Write out, word for word, every line in the data below from the one containing "by (simp add: card_Un_disjoint" to the one containing "int p \<in>", both of them included.

INFORMATION SUPPLIED:
↓

lemma dual_norm_le:
  assumes "\<exists>f\<in>X. N f \<le> 1" and "\<And>f. f \<in> X \<Longrightarrow> N f \<le> 1 \<Longrightarrow> norm (\<psi> f) \<le> B"
  shows "dual_norm X N \<psi> \<le> B"
  unfolding dual_norm_def using assms by (intro cSup_least) auto

lemma eval_in_bidual_l1:
  assumes "\<And>x. 0 \<le> v x" and "F \<in> l1 v"
  shows "(\<lambda>\<psi>. \<psi> F) \<in> dual (dual (l1 v) (l1_norm v)) (dual_norm (l1 v) (l1_norm v))"
    and "dual_norm (dual (l1 v) (l1_norm v)) (dual_norm (l1 v) (l1_norm v)) (\<lambda>\<psi>. \<psi> F)
           \<le> l1_norm v F"
proof -
  let ?D = "dual (l1 v) (l1_norm v)" and ?N = "dual_norm (l1 v) (l1_norm v)"
  have bound: "norm (\<psi> F) \<le> l1_norm v F * ?N \<psi>" if "\<psi> \<in> ?D" for \<psi>
    using norm_le_dual_norm_l1[OF assms(1) that assms(2)] by (simp add: mult.commute)
  then show "(\<lambda>\<psi>. \<psi> F) \<in> dual ?D ?N"
    by (auto simp: dual_def clinear_on_def)
  have "(\<lambda>f. 0) \<in> ?D"
    by (auto simp: dual_def clinear_on_def intro: exI[of _ 0])
  moreover have "?N (\<lambda>f. 0) \<le> 1"
    by (intro dual_norm_le bexI[OF _ l1_zero]) (auto simp: l1_norm_def)
  moreover have "norm (\<psi> F) \<le> l1_norm v F" if "\<psi> \<in> ?D" and "?N \<psi> \<le> 1" for \<psi>
    using bound[OF that(1)] mult_left_mono[OF that(2) l1_norm_nonneg[of v F, OF assms(1)]]
    by simp
  ultimately show "dual_norm ?D ?N (\<lambda>\<psi>. \<psi> F) \<le> l1_norm v F"
    by (intro dual_norm_le) auto
qed
(* Let $\Phi$ be an irreducible reduced root system with Weyl group $W$, basis $\Delta$, highest root $\tilde\alpha$, and let $\tilde I$, $X_{\tilde I}$, $x_\alpha$, $L$, $\preceq$, $\xrightarrow{\gamma}$ be as in the context. Then the map $X_{\tilde I}\to\Phi_{\mathrm{lg}}$, $x\mapsto x(\tilde\alpha)$, is a bijection which is an anti-isomorphism of posets between $(\Phi_{\mathrm{lg}},\preceq)$ and $(X_{\tilde I},\le)$ (Bruhat order), and a long root of level $i$ corresponds to an element of length $i$. For long roots $\alpha,\beta$ and a positive root $\gamma$, we have $\beta\xrightarrow{\gamma}\alpha$ if and only if $x_\beta\xrightarrow{\gamma}x_\alpha$. Moreover, in this situation the integer $\partial_{\alpha\beta}:=\langle\beta,\gamma^\vee\rangle$ is given as follows: (i) if $\beta\in\Delta_{\mathrm{lg}}$ and $\alpha\in-\Delta_{\mathrm{lg}}$, then $\partial_{\alpha\beta}=2$ if $\alpha=-\beta$, and $\partial_{\alpha\beta}=1$ if $\beta+(-\alpha)$ is a root; (ii) otherwise, $\partial_{\alpha\beta}=1$ if $\gamma$ is long and $\partial_{\alpha\beta}=r$ if $\gamma$ is short.
   Context: $\Phi$ is an irreducible reduced root system in a real vector space $V$, with coroots $\alpha^\vee$, pairing $\langle\cdot,\cdot\rangle$, reflections $s_\alpha$, Weyl group $W$. Fix a $W$-invariant scalar product $(\cdot|\cdot)$ with $\min_{\alpha\in\Phi}(\alpha|\alpha)=1$ and let $r=\max_{\alpha\in\Phi}(\alpha|\alpha)$; $\Phi_{\mathrm{lg}}=\{\alpha:(\alpha|\alpha)=r\}$ (long roots), short roots are the others; $\Delta_{\mathrm{lg}}=\Delta\cap\Phi_{\mathrm{lg}}$, $\Delta_{\mathrm{sh}}=\Delta\setminus\Delta_{\mathrm{lg}}$; $\Phi^+$ the positive roots; $l$ the length function for simple reflections $s_\alpha$, $\alpha\in\Delta$. $\tilde I=\{\alpha\in\Delta:(\tilde\alpha|\alpha)=0\}$, $\Phi_{\tilde I}^+$ the positive roots in the span of $\tilde I$, $X_{\tilde I}=\{w\in W:w(\Phi^+_{\tilde I})\subset\Phi^+\}$, and for $\alpha\in\Phi_{\mathrm{lg}}$, $x_\alpha$ is the unique element of $X_{\tilde I}$ with $x_\alpha(\tilde\alpha)=\alpha$. For a long root $\gamma=\sum_{\alpha\in\Delta}n_\alpha\alpha$, $\mathrm{ht}^\vee(\gamma)=\sum_{\alpha\in\Delta_{\mathrm{lg}}}n_\alpha+\frac1r\sum_{\alpha\in\Delta_{\mathrm{sh}}}n_\alpha$. Level: $L(\alpha)=\mathrm{ht}^\vee(\tilde\alpha)-\mathrm{ht}^\vee(\alpha)$ if $\alpha>0$, $L(\alpha)=\mathrm{ht}^\vee(\tilde\alpha)-\mathrm{ht}^\vee(\alpha)-1$ if $\alpha<0$. For long roots $\alpha,\beta$ and $\gamma\in\Phi^+$: $\beta\xrightarrow{\gamma}\alpha$ means $\alpha=s_\gamma(\beta)$ and $L(\alpha)=L(\beta)+1$. A path from $\beta$ to $\alpha$ is a sequence of long roots $\beta=\beta_0\xrightarrow{\gamma_1}\beta_1\xrightarrow{\gamma_2}\cdots\xrightarrow{\gamma_k}\beta_k=\alpha$ with $\gamma_i\in\Phi^+$; $\alpha\preceq\beta$ means there is a path from $\beta$ to $\alpha$. For $w,w'\in W$ and $\gamma\in\Phi^+$, $w\xrightarrow{\gamma}w'$ means $w'=s_\gamma w$ and $l(w')=l(w)+1$; the Bruhat order $\le$ is the reflexive transitive closure of these relations, restricted to $X_{\tilde I}$. *)

theory Defs
  imports "HOL-Analysis.Analysis"
begin
lemma finite_index_pairs [simp]: "finite (index_pairs d)"
  by (rule finite_subset[of _ "{..<d} \<times> {..<d}"]) (auto simp: index_pairs_def)

lemma card_index_pairs: "2 * card (index_pairs d) = d * (d - 1)"
proof (induction d)
  case (Suc d)
  have "index_pairs (Suc d) = index_pairs d \<union> (\<lambda>i. (i, d)) ` {..<d}"
    by (auto simp: index_pairs_def)
  moreover have "index_pairs d \<inter> (\<lambda>i. (i, d)) ` {..<d} = {}"
    by (auto simp: index_pairs_def)
  ultimately have "card (index_pairs (Suc d)) = card (index_pairs d) + d"
    by (simp add: card_Un_disjoint card_image inj_on_def)
  with Suc show ?case
    by (cases d) (auto simp: algebra_simps)
qed (simp add: index_pairs_def)

lemma (in group) hom_integer_mod_group_sum:
  assumes "0 < p" and h: "\<And>j. j \<in> J \<Longrightarrow> h j \<in> hom G (integer_mod_group p)"
  shows "(\<lambda>y. (\<Sum>j\<in>J. c j * h j y) mod int p) \<in> hom G (integer_mod_group p)"
proof (rule homI)
  fix y assume "y \<in> carrier G"
  then show "(\<Sum>j\<in>J. c j * h j y) mod int p \<in> carrier (integer_mod_group p)"
    using assms(1) by (simp add: carrier_integer_mod_group)
next
  fix y z assume yz: "y \<in> carrier G" "z \<in> carrier G"
  have "h j (y \<otimes> z) = (h j y + h j z) mod int p" if "j \<in> J" for j
    using hom_mult[OF h[OF that] yz] by simp
  then have "(\<Sum>j\<in>J. c j * h j (y \<otimes> z)) mod int p
      = (\<Sum>j\<in>J. c j * ((h j y + h j z) mod int p)) mod int p"
    by (simp cong: sum.cong)
  also have "\<dots> = (\<Sum>j\<in>J. c j * (h j y + h j z)) mod int p"
    by (subst mod_sum_eq[symmetric]) (simp add: mod_mult_right_eq mod_sum_eq)
  also have "\<dots> = ((\<Sum>j\<in>J. c j * h j y) mod int p + (\<Sum>j\<in>J. c j * h j z) mod int p) mod int p"
    by (simp add: distrib_left sum.distrib mod_add_eq)
  finally show "(\<Sum>j\<in>J. c j * h j (y \<otimes> z)) mod int p
      = ((\<Sum>j\<in>J. c j * h j y) mod int p) \<otimes>\<^bsub>integer_mod_group p\<^esub> ((\<Sum>j\<in>J. c j * h j z) mod int p)"
    by simp
qed

text \<open>The extension G \<times> (\<int>/p)^(d choose 2), with the fibre encoded as functions on the pairs
  i < j with values in {0..<p}, twisted by the bilinear cocycle (a, b) \<mapsto> (f i a * f j b)_{i<j}.\<close>

definition bilinear_ext :: "('a, 'b) monoid_scheme \<Rightarrow> nat \<Rightarrow> nat \<Rightarrow> (nat \<Rightarrow> 'a \<Rightarrow> int)
    \<Rightarrow> ('a \<times> (nat \<times> nat \<Rightarrow> int)) monoid" where
  "bilinear_ext G p d f =
    \<lparr>carrier = carrier G \<times> (index_pairs d \<rightarrow>\<^sub>E {0..<int p}),
     monoid.mult = (\<lambda>a b. (fst a \<otimes>\<^bsub>G\<^esub> fst b,
       restrict (\<lambda>ij. (snd a ij + snd b ij + f (fst ij) (fst a) * f (snd ij) (fst b)) mod int p)
         (index_pairs d))),
     one = (\<one>\<^bsub>G\<^esub>, restrict (\<lambda>_. 0) (index_pairs d))\<rparr>"

locale mod_characters = group G for G (structure) +
  fixes p d :: nat and f :: "nat \<Rightarrow> 'a \<Rightarrow> int"
  assumes modulus_gt_1: "1 < p"
    and character_hom: "i < d \<Longrightarrow> f i \<in> hom G (integer_mod_group p)"
begin

abbreviation "E \<equiv> bilinear_ext G p d f"

lemma p_pos: "0 < p"
  using modulus_gt_1 by simp

lemma character_range: "i < d \<Longrightarrow> x \<in> carrier G \<Longrightarrow> f i x \<in> {0..<int p}"
  using hom_in_carrier[OF character_hom] p_pos by (simp add: carrier_integer_mod_group)

lemma character_mult:
  "i < d \<Longrightarrow> x \<in> carrier G \<Longrightarrow> y \<in> carrier G \<Longrightarrow> f i (x \<otimes> y) = (f i x + f i y) mod int p"
  using character_hom by (simp add: hom_def)

lemma character_one: "i < d \<Longrightarrow> f i \<one> = 0"
  using group_hom.hom_one[of G "integer_mod_group p" "f i"] character_hom
  by (simp add: group_hom_def group_hom_axioms_def)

↑

RESPONSE TO THE TASK:
    by (simp add: card_Un_disjoint card_image inj_on_def)
  with Suc show ?case
    by (cases d) (auto simp: algebra_simps)
qed (simp add: index_pairs_def)

lemma (in group) hom_integer_mod_group_sum:
  assumes "0 < p" and h: "\<And>j. j \<in> J \<Longrightarrow> h j \<in> hom G (integer_mod_group p)"
  shows "(\<lambda>y. (\<Sum>j\<in>J. c j * h j y) mod int p) \<in> hom G (integer_mod_group p)"
proof (rule homI)
  fix y assume "y \<in> carrier G"
  then show "(\<Sum>j\<in>J. c j * h j y) mod int p \<in> carrier (integer_mod_group p)"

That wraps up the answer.